▸ **Directions**
Each entry must be output exactly as it appears.

....................

lemma nn_integral_gauss_bracket_ge:
  assumes "0 < q"
  shows "ennreal (2 powr (- \<bar>2*\<beta>\<bar>) * exp (- 1 / q) * (1 + \<bar>c - e\<bar>) powr (2*\<beta>))
    \<le> (\<integral>\<^sup>+\<tau>. ennreal ((1 + \<bar>\<tau> - e\<bar>) powr (2*\<beta>) * exp (- ((\<tau> - c)^2) / q)) \<partial>lborel)"
proof -
  define L where "L = 2 powr (- \<bar>2*\<beta>\<bar>) * exp (- 1 / q) * (1 + \<bar>c - e\<bar>) powr (2*\<beta>)"
  have "L \<le> (1 + \<bar>\<tau> - e\<bar>) powr (2*\<beta>) * exp (- ((\<tau> - c)^2) / q)" if "\<tau> \<in> {c..c+1}" for \<tau>
  proof -
    have d: "\<bar>\<tau> - c\<bar> \<le> 1" using that by auto
    have "2 powr (- \<bar>2*\<beta>\<bar>) \<le> (1 + \<bar>\<tau> - c\<bar>) powr (- \<bar>2*\<beta>\<bar>)"
      by (rule powr_mono2') (use d in auto)
    moreover have "exp (- 1 / q) \<le> exp (- ((\<tau> - c)^2) / q)"
      using d assms by (simp add: abs_square_le_1 divide_le_cancel)
    moreover have "L = (2 powr (- \<bar>2*\<beta>\<bar>) * (1 + \<bar>c - e\<bar>) powr (2*\<beta>)) * exp (- 1 / q)"
      unfolding L_def by (simp add: mult_ac)
    ultimately have "L \<le> ((1 + \<bar>\<tau> - c\<bar>) powr (- \<bar>2*\<beta>\<bar>) * (1 + \<bar>c - e\<bar>) powr (2*\<beta>)) * exp (- ((\<tau> - c)^2) / q)"
      by (simp only:) (intro mult_mono; simp)
    also have "\<dots> \<le> (1 + \<bar>\<tau> - e\<bar>) powr (2*\<beta>) * exp (- ((\<tau> - c)^2) / q)"
      using bracket_powr_add_ge[of "c - e" "2*\<beta>" "\<tau> - c"] by (intro mult_right_mono) (simp_all add: mult_ac)
    finally show ?thesis .
  qed
  then have "(\<integral>\<^sup>+\<tau>. ennreal L * indicator {c..c+1} \<tau> \<partial>lborel)
      \<le> (\<integral>\<^sup>+\<tau>. ennreal ((1 + \<bar>\<tau> - e\<bar>) powr (2*\<beta>) * exp (- ((\<tau> - c)^2) / q)) \<partial>lborel)"
    by (intro nn_integral_mono) (auto intro: ennreal_leI split: split_indicator)
  then show ?thesis
    by (simp add: L_def nn_integral_cmult_indicator)
qed

lemma gauss_bracket_integral_comparable:
  assumes "0 < q"
  obtains L U where "0 < L" "0 < U"
    "\<And>e c. L * (1 + \<bar>c - e\<bar>) powr (2*\<beta>) \<le> gauss_bracket_integral q \<beta> e c"
    "\<And>e c. gauss_bracket_integral q \<beta> e c \<le> U * (1 + \<bar>c - e\<bar>) powr (2*\<beta>)"
proof
  fix e c
  have upper: "(\<integral>\<^sup>+\<tau>. ennreal ((1 + \<bar>\<tau> - e\<bar>) powr (2*\<beta>) * exp (- ((\<tau> - c)^2) / q)) \<partial>lborel)
      \<le> ennreal (exp (2 * \<beta>^2 * q) * sqrt (pi * (2 * q)) * (1 + \<bar>c - e\<bar>) powr (2*\<beta>))"
    by (rule nn_integral_gauss_bracket_le[OF assms])
  then show "gauss_bracket_integral q \<beta> e c \<le> exp (2 * \<beta>^2 * q) * sqrt (pi * (2 * q)) * (1 + \<bar>c - e\<bar>) powr (2*\<beta>)"
    unfolding gauss_bracket_integral_def using assms by (simp add: enn2real_leI)
  have "enn2real (ennreal (2 powr (- \<bar>2*\<beta>\<bar>) * exp (- 1 / q) * (1 + \<bar>c - e\<bar>) powr (2*\<beta>))) \<le> gauss_bracket_integral q \<beta> e c"
    unfolding gauss_bracket_integral_def
    using nn_integral_gauss_bracket_ge[OF assms] upper
    by (intro enn2real_mono) (auto simp: top_unique intro: order.strict_trans1)
  then show "2 powr (- \<bar>2*\<beta>\<bar>) * exp (- 1 / q) * (1 + \<bar>c - e\<bar>) powr (2*\<beta>) \<le> gauss_bracket_integral q \<beta> e c"
    by simp
qed (use assms in simp_all)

....................

▸ **Answer to this exercise**
lemma nn_integral_gauss_bracket_ge:
  assumes "0 < q"
  shows "ennreal (2 powr (- \<bar>2*\<beta>\<bar>) * exp (- 1 / q) * (1 + \<bar>c - e\<bar>) powr (2*\<beta>))
    \<le> (\<integral>\<^sup>+\<tau>. ennreal ((1 + \<bar>\<tau> - e\<bar>) powr (2*\<beta>) * exp (- ((\<tau> - c)^2) / q)) \<partial>lborel)"
proof -
  define L where "L = 2 powr (- \<bar>2*\<beta>\<bar>) * exp (- 1 / q) * (1 + \<bar>c - e\<bar>) powr (2*\<beta>)"
  have "L \<le> (1 + \<bar>\<tau> - e\<bar>) powr (2*\<beta>) * exp (- ((\<tau> - c)^2) / q)" if "\<tau> \<in> {c..c+1}" for \<tau>
  proof -
    have d: "\<bar>\<tau> - c\<bar> \<le> 1" using that by auto
    have "2 powr (- \<bar>2*\<beta>\<bar>) \<le> (1 + \<bar>\<tau> - c\<bar>) powr (- \<bar>2*\<beta>\<bar>)"
      by (rule powr_mono2') (use d in auto)
    moreover have "exp (- 1 / q) \<le> exp (- ((\<tau> - c)^2) / q)"
      using d assms by (simp add: abs_square_le_1 divide_le_cancel)
    moreover have "L = (2 powr (- \<bar>2*\<beta>\<bar>) * (1 + \<bar>c - e\<bar>) powr (2*\<beta>)) * exp (- 1 / q)"
      unfolding L_def by (simp add: mult_ac)
    ultimately have "L \<le> ((1 + \<bar>\<tau> - c\<bar>) powr (- \<bar>2*\<beta>\<bar>) * (1 + \<bar>c - e\<bar>) powr (2*\<beta>)) * exp (- ((\<tau> - c)^2) / q)"
      by (simp only:) (intro mult_mono; simp)
    also have "\<dots> \<le> (1 + \<bar>\<tau> - e\<bar>) powr (2*\<beta>) * exp (- ((\<tau> - c)^2) / q)"
      using bracket_powr_add_ge[of "c - e" "2*\<beta>" "\<tau> - c"] by (intro mult_right_mono) (simp_all add: mult_ac)
    finally show ?thesis .
  qed
  then have "(\<integral>\<^sup>+\<tau>. ennreal L * indicator {c..c+1} \<tau> \<partial>lborel)
      \<le> (\<integral>\<^sup>+\<tau>. ennreal ((1 + \<bar>\<tau> - e\<bar>) powr (2*\<beta>) * exp (- ((\<tau> - c)^2) / q)) \<partial>lborel)"
    by (intro nn_integral_mono) (auto intro: ennreal_leI split: split_indicator)
  then show ?thesis
    by (simp add: L_def nn_integral_cmult_indicator)
qed

lemma gauss_bracket_integral_comparable:
  assumes "0 < q"
  obtains L U where "0 < L" "0 < U"
    "\<And>e c. L * (1 + \<bar>c - e\<bar>) powr (2*\<beta>) \<le> gauss_bracket_integral q \<beta> e c"
    "\<And>e c. gauss_bracket_integral q \<beta> e c \<le> U * (1 + \<bar>c - e\<bar>) powr (2*\<beta>)"
proof
  fix e c
  have upper: "(\<integral>\<^sup>+\<tau>. ennreal ((1 + \<bar>\<tau> - e\<bar>) powr (2*\<beta>) * exp (- ((\<tau> - c)^2) / q)) \<partial>lborel)
      \<le> ennreal (exp (2 * \<beta>^2 * q) * sqrt (pi * (2 * q)) * (1 + \<bar>c - e\<bar>) powr (2*\<beta>))"
    by (rule nn_integral_gauss_bracket_le[OF assms])
  then show "gauss_bracket_integral q \<beta> e c \<le> exp (2 * \<beta>^2 * q) * sqrt (pi * (2 * q)) * (1 + \<bar>c - e\<bar>) powr (2*\<beta>)"
    unfolding gauss_bracket_integral_def using assms by (simp add: enn2real_leI)
  have "enn2real (ennreal (2 powr (- \<bar>2*\<beta>\<bar>) * exp (- 1 / q) * (1 + \<bar>c - e\<bar>) powr (2*\<beta>))) \<le> gauss_bracket_integral q \<beta> e c"
    unfolding gauss_bracket_integral_def
    using nn_integral_gauss_bracket_ge[OF assms] upper
    by (intro enn2real_mono) (auto simp: top_unique intro: order.strict_trans1)
  then show "2 powr (- \<bar>2*\<beta>\<bar>) * exp (- 1 / q) * (1 + \<bar>c - e\<bar>) powr (2*\<beta>) \<le> gauss_bracket_integral q \<beta> e c"
    by simp
qed (use assms in simp_all)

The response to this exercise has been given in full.